▶ DATASET ENTRIES
lemma frac_diff_triangular:
  "frac_diff \<alpha> x k = of_real (frac_coef \<alpha> 0) * x k + (\<Sum>i<k. of_real (frac_coef \<alpha> (k - i)) * x i)"
proof -
  have "frac_diff \<alpha> x k = (\<Sum>i<Suc k. of_real (frac_coef \<alpha> (k - (k - i))) * x (k - i))"
    unfolding frac_diff_def lessThan_Suc_atMost by (intro sum.cong) auto
  also have "\<dots> = (\<Sum>i<Suc k. of_real (frac_coef \<alpha> (k - i)) * x i)"
    using sum.nat_diff_reindex[of "\<lambda>i. of_real (frac_coef \<alpha> (k - i)) * x i" "Suc k"] by simp
  finally show ?thesis
    by simp
qed

lemma gamma_seq_add:
  "gamma_seq \<alpha> u (\<lambda>k. x k + y k) = (\<lambda>k. gamma_seq \<alpha> u x k + gamma_seq \<alpha> u y k)"
  by (simp add: fun_eq_iff gamma_seq_def frac_diff_def distrib_left sum.distrib)

lemma gamma_seq_scale:
  "gamma_seq \<alpha> u (\<lambda>k. c * x k) = (\<lambda>k. c * gamma_seq \<alpha> u x k)"
  by (simp add: fun_eq_iff gamma_seq_def frac_diff_def sum_distrib_left mult.left_commute)

lemma gamma_seq_tendsto:
  "(\<And>j. (\<lambda>n. f n j) \<longlonglongrightarrow> x j) \<Longrightarrow> (\<lambda>n. gamma_seq \<alpha> u (f n) k) \<longlonglongrightarrow> gamma_seq \<alpha> u x k"
  unfolding gamma_seq_def frac_diff_def by (intro tendsto_intros)

lemma gamma_seq_coordinate_bound:
  fixes u :: "nat \<Rightarrow> 'a::real_normed_field"
  assumes "\<alpha> + 1 \<notin> \<int>\<^sub>\<le>\<^sub>0" and "\<And>k. u k \<noteq> 0"
  shows "\<exists>C. \<forall>x. Bseq (gamma_seq \<alpha> u x) \<longrightarrow> norm (x k) \<le> C * sup_norm (gamma_seq \<alpha> u x)"
proof -
  have "norm (x k) \<le> 2 / norm (u k) * sup_norm (gamma_seq \<alpha> u x)
          + (\<Sum>i<k. \<bar>frac_coef \<alpha> (k - i)\<bar> * norm (x i))"
    if "x \<in> {x. Bseq (gamma_seq \<alpha> u x)}" for x k
  proof -
    have partial_sums: "gamma_seq \<alpha> u x = (\<lambda>k. \<Sum>j\<le>k. u j * frac_diff \<alpha> x j)"
      by (simp add: fun_eq_iff gamma_seq_def)
    have "norm (u k) * norm (frac_diff \<alpha> x k) \<le> 2 * sup_norm (gamma_seq \<alpha> u x)"
      using norm_le_sup_norm_partial_sums[of "\<lambda>j. u j * frac_diff \<alpha> x j" k] that
      by (simp add: partial_sums norm_mult)
    then have "norm (frac_diff \<alpha> x k) \<le> 2 / norm (u k) * sup_norm (gamma_seq \<alpha> u x)"
      using assms(2)[of k] by (simp add: field_simps)
    moreover have "x k = frac_diff \<alpha> x k - (\<Sum>i<k. of_real (frac_coef \<alpha> (k - i)) * x i)"
      by (simp add: frac_diff_triangular frac_coef_0[OF assms(1)])
    then have "norm (x k) \<le> norm (frac_diff \<alpha> x k) + norm (\<Sum>i<k. of_real (frac_coef \<alpha> (k - i)) * x i)"
      by (metis norm_triangle_ineq4)
    moreover have "norm (\<Sum>i<k. of_real (frac_coef \<alpha> (k - i)) * x i) \<le> (\<Sum>i<k. \<bar>frac_coef \<alpha> (k - i)\<bar> * norm (x i))"
      by (rule order_trans[OF norm_sum]) (simp add: norm_mult)
    ultimately show ?thesis
      by linarith
  qed
  from triangular_system_bound[where V = "{x. Bseq (gamma_seq \<alpha> u x)}" and N = "\<lambda>x. sup_norm (gamma_seq \<alpha> u x)", OF this]
  show ?thesis
    by simp
qed

lemma sequence_transform_gamma_seq:
  assumes "\<alpha> + 1 \<notin> \<int>\<^sub>\<le>\<^sub>0" and "\<And>k. u k \<noteq> 0"
  shows "sequence_transform (gamma_seq \<alpha> u)"
  by unfold_locales
    (use gamma_seq_coordinate_bound[OF assms] in \<open>auto simp: gamma_seq_add gamma_seq_scale intro: gamma_seq_tendsto\<close>)

theorem theorem1:
  fixes \<alpha> :: real and u :: "nat \<Rightarrow> 'a::{real_normed_field, banach}"
  assumes "0 < \<alpha>" and "\<alpha> < 1" and "\<forall>k. u k \<noteq> 0"
  shows "BK_space (c0_GD \<alpha> u) (GD_norm \<alpha> u) \<and> BK_space (c_GD \<alpha> u) (GD_norm \<alpha> u)"
proof -
  have "\<alpha> + 1 \<notin> \<int>\<^sub>\<le>\<^sub>0"
    using \<open>0 < \<alpha>\<close> by auto
  then have transform: "sequence_transform (gamma_seq \<alpha> u)"
    using assms(3) by (intro sequence_transform_gamma_seq) auto
  have "c0_GD \<alpha> u = {x. gamma_seq \<alpha> u x \<in> {s. s \<longlonglongrightarrow> 0}}"
    and "c_GD \<alpha> u = {x. gamma_seq \<alpha> u x \<in> {s. convergent s}}"
    and "GD_norm \<alpha> u = (\<lambda>x. sup_norm (gamma_seq \<alpha> u x))"
    by (simp_all add: c0_GD_def c_GD_def GD_norm_def sup_norm_def fun_eq_iff)
  then show ?thesis
    using BK_preimage.BK_space[OF BK_preimage.intro[OF transform closed_bseq_subspace_null_seqs]]
      BK_preimage.BK_space[OF BK_preimage.intro[OF transform closed_bseq_subspace_convergent_seqs]]
    by simp
qed

end
(* Let $A$ be an irreducible idempotent semiring and $M$ an irreducible $\mathbb{F}_1$-algebra. Then the semiring $A\otimes_{\mathbb{F}_1}M$ is irreducible. Moreover, if neither $A$ nor $M$ has nontrivial zero-divisors, then neither does $A\otimes_{\mathbb{F}_1}M$. In particular, for any (commutative) monoid $M$, the monoid semiring $A[M]$ is irreducible, and if $A$ has no nontrivial zero-divisors, neither does $A[M]$.
   Context: Semirings are commutative with $1\neq0$; idempotent means $a+a=a$. An $\mathbb{F}_1$-algebra is a commutative monoid $M$ with an absorbing element $0_M$. A semiring (resp. $\mathbb{F}_1$-algebra) is irreducible if whenever a product $xy$ is nilpotent, $x$ or $y$ is nilpotent. $A\otimes_{\mathbb{F}_1}M$ is the monoid semiring $A[M]$ with $0_M$ identified with $0_A$. *)

theory Defs
  imports Main
begin

definition nilpotent_in :: "('b \<Rightarrow> 'b \<Rightarrow> 'b) \<Rightarrow> 'b \<Rightarrow> 'b \<Rightarrow> 'b \<Rightarrow> bool" where
  "nilpotent_in mul z e x \<longleftrightarrow> (\<exists>n. ((mul x) ^^ n) e = z)"

definition irreducible_str :: "'b set \<Rightarrow> ('b \<Rightarrow> 'b \<Rightarrow> 'b) \<Rightarrow> 'b \<Rightarrow> 'b \<Rightarrow> bool" where
  "irreducible_str C mul z e \<longleftrightarrow>
     (\<forall>x\<in>C. \<forall>y\<in>C. nilpotent_in mul z e (mul x y) \<longrightarrow>
        nilpotent_in mul z e x \<or> nilpotent_in mul z e y)"

definition no_zero_divisors_str :: "'b set \<Rightarrow> ('b \<Rightarrow> 'b \<Rightarrow> 'b) \<Rightarrow> 'b \<Rightarrow> bool" where
  "no_zero_divisors_str C mul z \<longleftrightarrow> (\<forall>x\<in>C. \<forall>y\<in>C. mul x y = z \<longrightarrow> x = z \<or> y = z)"

definition idempotent_semiring :: "'a::comm_semiring_1 itself \<Rightarrow> bool" where
  "idempotent_semiring _ \<longleftrightarrow> (\<forall>a::'a. a + a = a)"

text \<open>F1-algebras: commutative monoids with an absorbing element, i.e. the sort
  {comm_monoid_mult, mult_zero}.  The tensor product A \<otimes>_F1 M is the monoid
  semiring A[M] with the basis element of 0_M identified with 0_A; concretely,
  finitely supported functions M \<Rightarrow> A vanishing at 0_M, with convolution
  product in which contributions landing at 0_M are discarded.\<close>

definition tensor_carrier :: "('m::{comm_monoid_mult,mult_zero} \<Rightarrow> 'a::comm_semiring_1) set" where
  "tensor_carrier = {f. finite {m. f m \<noteq> 0} \<and> f 0 = 0}"

definition tensor_add :: "('m::{comm_monoid_mult,mult_zero} \<Rightarrow> 'a::comm_semiring_1) \<Rightarrow> ('m \<Rightarrow> 'a) \<Rightarrow> ('m \<Rightarrow> 'a)" where
  "tensor_add f g = (\<lambda>m. f m + g m)"

definition tensor_mult :: "('m::{comm_monoid_mult,mult_zero} \<Rightarrow> 'a::comm_semiring_1) \<Rightarrow> ('m \<Rightarrow> 'a) \<Rightarrow> ('m \<Rightarrow> 'a)" where
  "tensor_mult f g = (\<lambda>m. if m = 0 then 0 else
      (\<Sum>p\<in>{(x, y). f x \<noteq> 0 \<and> g y \<noteq> 0 \<and> x * y = m}. f (fst p) * g (snd p)))"

definition tensor_zero :: "'m::{comm_monoid_mult,mult_zero} \<Rightarrow> 'a::comm_semiring_1" where
  "tensor_zero = (\<lambda>m. 0)"

definition tensor_one :: "'m::{comm_monoid_mult,mult_zero} \<Rightarrow> 'a::comm_semiring_1" where
  "tensor_one = (\<lambda>m. if m = 1 \<and> m \<noteq> 0 then 1 else 0)"

definition msr_carrier :: "('m::comm_monoid_mult \<Rightarrow> 'a::comm_semiring_1) set" where
  "msr_carrier = {f. finite {m. f m \<noteq> 0}}"

definition msr_add :: "('m::comm_monoid_mult \<Rightarrow> 'a::comm_semiring_1) \<Rightarrow> ('m \<Rightarrow> 'a) \<Rightarrow> ('m \<Rightarrow> 'a)" where
  "msr_add f g = (\<lambda>m. f m + g m)"

definition msr_mult :: "('m::comm_monoid_mult \<Rightarrow> 'a::comm_semiring_1) \<Rightarrow> ('m \<Rightarrow> 'a) \<Rightarrow> ('m \<Rightarrow> 'a)" where
  "msr_mult f g = (\<lambda>m.
      (\<Sum>p\<in>{(x, y). f x \<noteq> 0 \<and> g y \<noteq> 0 \<and> x * y = m}. f (fst p) * g (snd p)))"

definition msr_zero :: "'m::comm_monoid_mult \<Rightarrow> 'a::comm_semiring_1" where
  "msr_zero = (\<lambda>m. 0)"

definition msr_one :: "'m::comm_monoid_mult \<Rightarrow> 'a::comm_semiring_1" where
  "msr_one = (\<lambda>m. if m = 1 then 1 else 0)"

end

theory Submission
  imports Defs "HOL-Library.Multiset"
begin

text \<open>Both \<open>A \<otimes>\<^sub>\<bbbF>\<^sub>1 M\<close> and \<open>A[M]\<close> are contracted monoid semirings \<open>A[M]/A[I]\<close>,
  for the ideals \<open>I = {0}\<close> and \<open>I = {}\<close> of \<open>M\<close>. In an idempotent semiring a sum vanishes
  only if each summand does, so the coefficient of \<open>m\<^sup>n\<close> in \<open>f\<^sup>n\<close> vanishes only if
  \<open>f(m)\<^sup>n\<close> does: a nilpotent \<open>f\<close> has only coefficients \<open>f(m)\<close> that are nilpotent in \<open>A\<close> or
  sit at monomials \<open>m\<close> nilpotent modulo \<open>I\<close>. Conversely, if this holds for every \<open>m\<close> in
  the finite support of \<open>f\<close>, then \<open>f\<^sup>n = 0\<close> for large \<open>n\<close>: by pigeonhole every word of
  length \<open>n\<close> over the support repeats some letter often enough to kill its
  coefficient or to push its monomial into \<open>I\<close>. If \<open>f\<close> and \<open>g\<close> are not nilpotent, pick
  such bad monomials \<open>m\<close>, \<open>m'\<close>; irreducibility of \<open>A\<close> and \<open>M\<close> makes \<open>f(m) g(m')\<close> and \<open>m m'\<close>
  bad for \<open>f g\<close>, and the same coefficient comparison handles zero divisors.\<close>

definition contracted_mult ::
    "'m::comm_monoid_mult set \<Rightarrow> ('m \<Rightarrow> 'a::comm_semiring_1) \<Rightarrow> ('m \<Rightarrow> 'a) \<Rightarrow> ('m \<Rightarrow> 'a)" where
  "contracted_mult I f g = (\<lambda>m. if m \<in> I then 0 else
      (\<Sum>p\<in>{(x, y). f x \<noteq> 0 \<and> g y \<noteq> 0 \<and> x * y = m}. f (fst p) * g (snd p)))"

definition contracted_one :: "'m::comm_monoid_mult set \<Rightarrow> 'm \<Rightarrow> 'a::comm_semiring_1" where
  "contracted_one I = (\<lambda>m. if m = 1 \<and> m \<notin> I then 1 else 0)"

definition contracted_carrier :: "'m::comm_monoid_mult set \<Rightarrow> ('m \<Rightarrow> 'a::comm_semiring_1) set" where
  "contracted_carrier I = {f. finite {m. f m \<noteq> 0} \<and> (\<forall>m\<in>I. f m = 0)}"
lemma final_board_mix:
  assumes "valid_proto n k p" "finite Ys" "Ys \<noteq> {}" "Ys \<subseteq> inputs n k" "Z \<in> inputs n k"
    "\<forall>i. \<exists>Y\<in>Ys. Z i = Y i" "\<forall>Y\<in>Ys. final_board p Y = t"
  shows "final_board p Z = t"
proof -
  define c where "c = Max (cost p ` insert Z Ys)"
  have cost_le_c: "cost p Y \<le> c" if "Y \<in> insert Z Ys" for Y
    unfolding c_def using assms(2) that by auto
  have "\<forall>Y\<in>Ys. transcript p Y c [] = t"
    using transcript_eq_final_board[OF assms(1)] cost_le_c assms(4,7) by auto
  then have "transcript p Z c [] = t" using transcript_mix[OF assms(3,6)] by blast
  then show ?thesis using transcript_eq_final_board[OF assms(1,5)] cost_le_c by auto
qed

definition words :: "nat \<Rightarrow> nat \<Rightarrow> nat list set" where
  "words k m = {xs. set xs \<subseteq> {..<k} \<and> length xs = m}"

lemma finite_words: "finite (words k m)"
  unfolding words_def by (rule finite_lists_length_eq) auto

lemma card_words: "card (words k m) = k ^ m"
  unfolding words_def using card_lists_length_eq[of "{..<k}" m] by simp

lemma words_0: "words k 0 = {[]}"
  unfolding words_def by auto

lemma Cons_in_words_iff [simp]: "w # x \<in> words k (Suc m) \<longleftrightarrow> w < k \<and> x \<in> words k m"
  unfolding words_def by auto

lemma length_words: "x \<in> words k m \<Longrightarrow> length x = m"
  unfolding words_def by simp

lemma nth_words_less: "v \<in> words k m \<Longrightarrow> g < length v \<Longrightarrow> v ! g < k"
  unfolding words_def using nth_mem[of g v] by (auto simp del: nth_mem)

lemma words_SucE:
  assumes "xs \<in> words k (Suc m)"
  obtains w x where "xs = w # x" "w < k" "x \<in> words k m"
  using assms unfolding words_def by (cases xs) auto

lemma sum_words_Suc: "(\<Sum>x\<in>words k (Suc m). f x) = (\<Sum>w<k. \<Sum>x\<in>words k m. f (w # x))"
proof -
  have "words k (Suc m) = (\<lambda>(w, x). w # x) ` ({..<k} \<times> words k m)"
    by (auto elim!: words_SucE)
  moreover have "inj_on (\<lambda>(w, x). w # x) ({..<k} \<times> words k m)"
    by (auto simp: inj_on_def)
  ultimately show ?thesis
    by (simp add: sum.reindex sum.cartesian_product case_prod_beta')
qed

fun hamming :: "'a list \<Rightarrow> 'a list \<Rightarrow> nat" where
  "hamming (x # xs) (y # ys) = (if x = y then 0 else 1) + hamming xs ys"
| "hamming _ _ = 0"

lemma hamming_sym: "hamming xs ys = hamming ys xs"
  by (induction xs ys rule: hamming.induct) auto

lemma hamming_triangle:
  "length xs = length ys \<Longrightarrow> length ys = length zs \<Longrightarrow> hamming xs zs \<le> hamming xs ys + hamming ys zs"
proof (induction xs arbitrary: ys zs)
  case (Cons x xs)
  then obtain y ys' z zs' where "ys = y # ys'" "zs = z # zs'"
    by (metis length_Suc_conv)
  then show ?case using Cons.IH[of ys' zs'] Cons.prems by auto
qed simp

lemma hamming_eq_card:
  "length xs = length ys \<Longrightarrow> hamming xs ys = card {g. g < length xs \<and> xs ! g \<noteq> ys ! g}"
proof (induction xs arbitrary: ys)
  case (Cons x xs)
  then obtain y ys' where ys: "ys = y # ys'" by (metis length_Suc_conv)
  have "{g. g < Suc (length xs) \<and> (x # xs) ! g \<noteq> (y # ys') ! g}
      = (if x \<noteq> y then {0} else {}) \<union> Suc ` {g. g < length xs \<and> xs ! g \<noteq> ys' ! g}"
    by (auto simp: image_iff less_Suc_eq_0_disj)
  then show ?case using Cons.IH[of ys'] Cons.prems unfolding ys by (simp add: card_image)
qed simp

definition dist_set :: "'a list set \<Rightarrow> 'a list \<Rightarrow> nat" where
  "dist_set S x = Min (hamming x ` S)"

lemma dist_set_le: "finite S \<Longrightarrow> y \<in> S \<Longrightarrow> dist_set S x \<le> hamming x y"
  unfolding dist_set_def by auto

lemma dist_set_attained:
  assumes "finite S" "S \<noteq> {}"
  obtains y where "y \<in> S" "dist_set S x = hamming x y"
proof -
  have "Min (hamming x ` S) \<in> hamming x ` S" using assms by (intro Min_in) auto
  then show ?thesis using that unfolding dist_set_def by auto
qed

definition tails :: "'a list set \<Rightarrow> 'a list set" where
  "tails A = {y. \<exists>w. w # y \<in> A}"

definition slice :: "'a list set \<Rightarrow> 'a \<Rightarrow> 'a list set" where
  "slice A w = {y. w # y \<in> A}"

▶ AIM OF THE TASK
Set down precisely the lines above between the line holding "unfolding frac_diff_def lessThan_Suc_atMost" and the line holding "u x) \<longrightarrow>", inclusive, and nothing beyond them.

▶ REPLY TO THE EXERCISE
    unfolding frac_diff_def lessThan_Suc_atMost by (intro sum.cong) auto
  also have "\<dots> = (\<Sum>i<Suc k. of_real (frac_coef \<alpha> (k - i)) * x i)"
    using sum.nat_diff_reindex[of "\<lambda>i. of_real (frac_coef \<alpha> (k - i)) * x i" "Suc k"] by simp
  finally show ?thesis
    by simp
qed

lemma gamma_seq_add:
  "gamma_seq \<alpha> u (\<lambda>k. x k + y k) = (\<lambda>k. gamma_seq \<alpha> u x k + gamma_seq \<alpha> u y k)"
  by (simp add: fun_eq_iff gamma_seq_def frac_diff_def distrib_left sum.distrib)

lemma gamma_seq_scale:
  "gamma_seq \<alpha> u (\<lambda>k. c * x k) = (\<lambda>k. c * gamma_seq \<alpha> u x k)"
  by (simp add: fun_eq_iff gamma_seq_def frac_diff_def sum_distrib_left mult.left_commute)

lemma gamma_seq_tendsto:
  "(\<And>j. (\<lambda>n. f n j) \<longlonglongrightarrow> x j) \<Longrightarrow> (\<lambda>n. gamma_seq \<alpha> u (f n) k) \<longlonglongrightarrow> gamma_seq \<alpha> u x k"
  unfolding gamma_seq_def frac_diff_def by (intro tendsto_intros)

lemma gamma_seq_coordinate_bound:
  fixes u :: "nat \<Rightarrow> 'a::real_normed_field"
  assumes "\<alpha> + 1 \<notin> \<int>\<^sub>\<le>\<^sub>0" and "\<And>k. u k \<noteq> 0"
  shows "\<exists>C. \<forall>x. Bseq (gamma_seq \<alpha> u x) \<longrightarrow> norm (x k) \<le> C * sup_norm (gamma_seq \<alpha> u x)"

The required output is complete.